_Input data_:

text \<open>Mean value estimates, first in the second and then in the first variable.\<close>
lemma second_difference_approx:
  fixes g :: "real \<Rightarrow> real \<Rightarrow> 'a::real_normed_vector"
  assumes gx: "\<And>\<sigma> \<tau>. ((\<lambda>\<sigma>'. g \<sigma>' \<tau>) has_vector_derivative gx \<sigma> \<tau>) (at \<sigma>)"
    and gxy: "\<And>\<sigma> \<tau>. ((\<lambda>\<tau>'. gx \<sigma> \<tau>') has_vector_derivative gxy \<sigma> \<tau>) (at \<tau>)"
    and cont: "isCont (\<lambda>z. gxy (fst z) (snd z)) (s, t)"
    and "\<epsilon> > 0"
  obtains \<delta> where "\<delta> > 0" and "\<And>h k. \<bar>h\<bar> < \<delta> \<Longrightarrow> \<bar>k\<bar> < \<delta> \<Longrightarrow>
      norm (g (s + h) (t + k) - g (s + h) t - g s (t + k) + g s t - (h * k) *\<^sub>R gxy s t)
        \<le> \<epsilon> * \<bar>h\<bar> * \<bar>k\<bar>"
proof -
  define e where "e = \<epsilon> / 9"
  have "e > 0" using \<open>\<epsilon> > 0\<close> by (simp add: e_def)
  then obtain \<delta>' where "\<delta>' > 0" and \<delta>': "\<And>z. dist z (s, t) < \<delta>' \<Longrightarrow> dist (gxy (fst z) (snd z)) (gxy s t) < e"
    using cont unfolding continuous_at_eps_delta by fastforce
  define \<delta> where "\<delta> = \<delta>' / 2"
  have "\<delta> > 0" using \<open>\<delta>' > 0\<close> by (simp add: \<delta>_def)
  have close: "norm (gxy \<sigma> \<tau> - gxy s t) \<le> e" if "\<bar>\<sigma> - s\<bar> \<le> \<bar>h\<bar>" "\<bar>\<tau> - t\<bar> \<le> \<bar>k\<bar>"
    "\<bar>h\<bar> < \<delta>" "\<bar>k\<bar> < \<delta>" for \<sigma> \<tau> h k
  proof -
    have "dist (\<sigma>, \<tau>) (s, t) \<le> \<bar>\<sigma> - s\<bar> + \<bar>\<tau> - t\<bar>"
      using sqrt_sum_squares_le_sum_abs[of "\<sigma> - s" "\<tau> - t"]
      by (simp add: dist_Pair_Pair dist_real_def)
    also have "\<dots> < \<delta>'" using that by (simp add: \<delta>_def)
    finally show ?thesis using \<delta>'[of "(\<sigma>, \<tau>)"] by (simp add: dist_norm)
  qed
  have inner: "norm (gx \<sigma> (t + k) - gx \<sigma> t - k *\<^sub>R gxy s t) \<le> 3 * \<bar>k\<bar> * e"
    if "\<bar>\<sigma> - s\<bar> \<le> \<bar>h\<bar>" "\<bar>h\<bar> < \<delta>" "\<bar>k\<bar> < \<delta>" for \<sigma> h k
    using that by (intro linearization_bound[OF gxy] close[of \<sigma> h _ k]) (auto dest: closed_segment_dist_le)
  show ?thesis
  proof (rule that[OF \<open>\<delta> > 0\<close>])
    fix h k assume h: "\<bar>h\<bar> < \<delta>" and k: "\<bar>k\<bar> < \<delta>"
    have "norm ((g (s + h) (t + k) - g (s + h) t) - (g s (t + k) - g s t) - h *\<^sub>R (k *\<^sub>R gxy s t))
        \<le> 3 * \<bar>h\<bar> * (3 * \<bar>k\<bar> * e)"
    proof (rule linearization_bound[where g = "\<lambda>\<sigma>. g \<sigma> (t + k) - g \<sigma> t"])
      show "((\<lambda>\<sigma>. g \<sigma> (t + k) - g \<sigma> t) has_vector_derivative gx x (t + k) - gx x t) (at x)" for x
        by (intro has_vector_derivative_diff gx)
      show "norm (gx x (t + k) - gx x t - k *\<^sub>R gxy s t) \<le> 3 * \<bar>k\<bar> * e"
        if "x \<in> closed_segment s (s + h)" for x
        using inner h k closed_segment_dist_le[OF that] by blast
    qed
    then show "norm (g (s + h) (t + k) - g (s + h) t - g s (t + k) + g s t - (h * k) *\<^sub>R gxy s t)
        \<le> \<epsilon> * \<bar>h\<bar> * \<bar>k\<bar>"
      by (simp add: e_def algebra_simps)
  qed
qed

lemma mixed_partials_commute:
  fixes g :: "real \<Rightarrow> real \<Rightarrow> 'a::real_normed_vector"
  assumes gx: "\<And>\<sigma> \<tau>. ((\<lambda>\<sigma>'. g \<sigma>' \<tau>) has_vector_derivative gx \<sigma> \<tau>) (at \<sigma>)"
    and gxy: "\<And>\<sigma> \<tau>. ((\<lambda>\<tau>'. gx \<sigma> \<tau>') has_vector_derivative gxy \<sigma> \<tau>) (at \<tau>)"
    and gy: "\<And>\<sigma> \<tau>. ((\<lambda>\<tau>'. g \<sigma> \<tau>') has_vector_derivative gy \<sigma> \<tau>) (at \<tau>)"
    and gyx: "\<And>\<sigma> \<tau>. ((\<lambda>\<sigma>'. gy \<sigma>' \<tau>) has_vector_derivative gyx \<sigma> \<tau>) (at \<sigma>)"
    and cont_xy: "isCont (\<lambda>z. gxy (fst z) (snd z)) (s, t)"
    and cont_yx: "isCont (\<lambda>z. gyx (fst z) (snd z)) (s, t)"
  shows "gxy s t = gyx s t"
proof -
  have bound: "norm (gxy s t - gyx s t) \<le> 2 * \<epsilon>" if "\<epsilon> > 0" for \<epsilon>
  proof -
    have cont_yx': "isCont (\<lambda>z. gyx (snd z) (fst z)) (t, s)"
      using isCont_o2[OF isCont_swap[of "(t, s)"], of "\<lambda>z. gyx (fst z) (snd z)"] cont_yx by simp
    obtain \<delta>1 where "\<delta>1 > 0" and approx_xy: "\<And>h k. \<bar>h\<bar> < \<delta>1 \<Longrightarrow> \<bar>k\<bar> < \<delta>1 \<Longrightarrow>
        norm (g (s + h) (t + k) - g (s + h) t - g s (t + k) + g s t - (h * k) *\<^sub>R gxy s t)
          \<le> \<epsilon> * \<bar>h\<bar> * \<bar>k\<bar>"
      using second_difference_approx[OF gx gxy cont_xy \<open>\<epsilon> > 0\<close>] by blast
    obtain \<delta>2 where "\<delta>2 > 0" and approx_yx: "\<And>h k. \<bar>h\<bar> < \<delta>2 \<Longrightarrow> \<bar>k\<bar> < \<delta>2 \<Longrightarrow>
        norm (g (s + k) (t + h) - g s (t + h) - g (s + k) t + g s t - (h * k) *\<^sub>R gyx s t)
          \<le> \<epsilon> * \<bar>h\<bar> * \<bar>k\<bar>"
      using second_difference_approx[where g = "\<lambda>\<tau> \<sigma>. g \<sigma> \<tau>" and gxy = "\<lambda>\<tau> \<sigma>. gyx \<sigma> \<tau>",
          OF gy gyx cont_yx' \<open>\<epsilon> > 0\<close>] by blast
    define h where "h = min \<delta>1 \<delta>2 / 2"
    have h: "h > 0" "h < \<delta>1" "h < \<delta>2"
      using \<open>\<delta>1 > 0\<close> \<open>\<delta>2 > 0\<close> by (auto simp: h_def)
    define \<Delta> where "\<Delta> = g (s + h) (t + h) - g (s + h) t - g s (t + h) + g s t"
    have "norm ((h * h) *\<^sub>R gxy s t - \<Delta>) \<le> \<epsilon> * h * h"
      using approx_xy[of h h] h by (simp add: \<Delta>_def norm_minus_commute)
    moreover have "norm (\<Delta> - (h * h) *\<^sub>R gyx s t) \<le> \<epsilon> * h * h"
      using approx_yx[of h h] h by (simp add: \<Delta>_def algebra_simps)
    ultimately have "norm ((h * h) *\<^sub>R gxy s t - (h * h) *\<^sub>R gyx s t) \<le> \<epsilon> * h * h + \<epsilon> * h * h"
      by (rule norm_diff_triangle_le)
    then have "(h * h) * norm (gxy s t - gyx s t) \<le> (h * h) * (2 * \<epsilon>)"
      by (simp only: scaleR_diff_right[symmetric] norm_scaleR) (simp add: algebra_simps)
    then show ?thesis using h by (simp add: mult_le_cancel_left_pos)
  qed
  have "norm (gxy s t - gyx s t) \<le> 0"
  proof (rule field_le_epsilon)
    show "norm (gxy s t - gyx s t) \<le> 0 + e" if "e > 0" for e :: real
      using bound[of "e / 2"] that by simp
  qed
  then show ?thesis by simp
qed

_What to do_: Starting at the line with "(\<lambda>z. gyx (snd" and ending at the line with "using approx_yx[of h", print each line of the listing above exactly, with no other lines.

_Solution to this task_:
    have cont_yx': "isCont (\<lambda>z. gyx (snd z) (fst z)) (t, s)"
      using isCont_o2[OF isCont_swap[of "(t, s)"], of "\<lambda>z. gyx (fst z) (snd z)"] cont_yx by simp
    obtain \<delta>1 where "\<delta>1 > 0" and approx_xy: "\<And>h k. \<bar>h\<bar> < \<delta>1 \<Longrightarrow> \<bar>k\<bar> < \<delta>1 \<Longrightarrow>
        norm (g (s + h) (t + k) - g (s + h) t - g s (t + k) + g s t - (h * k) *\<^sub>R gxy s t)
          \<le> \<epsilon> * \<bar>h\<bar> * \<bar>k\<bar>"
      using second_difference_approx[OF gx gxy cont_xy \<open>\<epsilon> > 0\<close>] by blast
    obtain \<delta>2 where "\<delta>2 > 0" and approx_yx: "\<And>h k. \<bar>h\<bar> < \<delta>2 \<Longrightarrow> \<bar>k\<bar> < \<delta>2 \<Longrightarrow>
        norm (g (s + k) (t + h) - g s (t + h) - g (s + k) t + g s t - (h * k) *\<^sub>R gyx s t)
          \<le> \<epsilon> * \<bar>h\<bar> * \<bar>k\<bar>"
      using second_difference_approx[where g = "\<lambda>\<tau> \<sigma>. g \<sigma> \<tau>" and gxy = "\<lambda>\<tau> \<sigma>. gyx \<sigma> \<tau>",
          OF gy gyx cont_yx' \<open>\<epsilon> > 0\<close>] by blast
    define h where "h = min \<delta>1 \<delta>2 / 2"
    have h: "h > 0" "h < \<delta>1" "h < \<delta>2"
      using \<open>\<delta>1 > 0\<close> \<open>\<delta>2 > 0\<close> by (auto simp: h_def)
    define \<Delta> where "\<Delta> = g (s + h) (t + h) - g (s + h) t - g s (t + h) + g s t"
    have "norm ((h * h) *\<^sub>R gxy s t - \<Delta>) \<le> \<epsilon> * h * h"
      using approx_xy[of h h] h by (simp add: \<Delta>_def norm_minus_commute)
    moreover have "norm (\<Delta> - (h * h) *\<^sub>R gyx s t) \<le> \<epsilon> * h * h"
      using approx_yx[of h h] h by (simp add: \<Delta>_def algebra_simps)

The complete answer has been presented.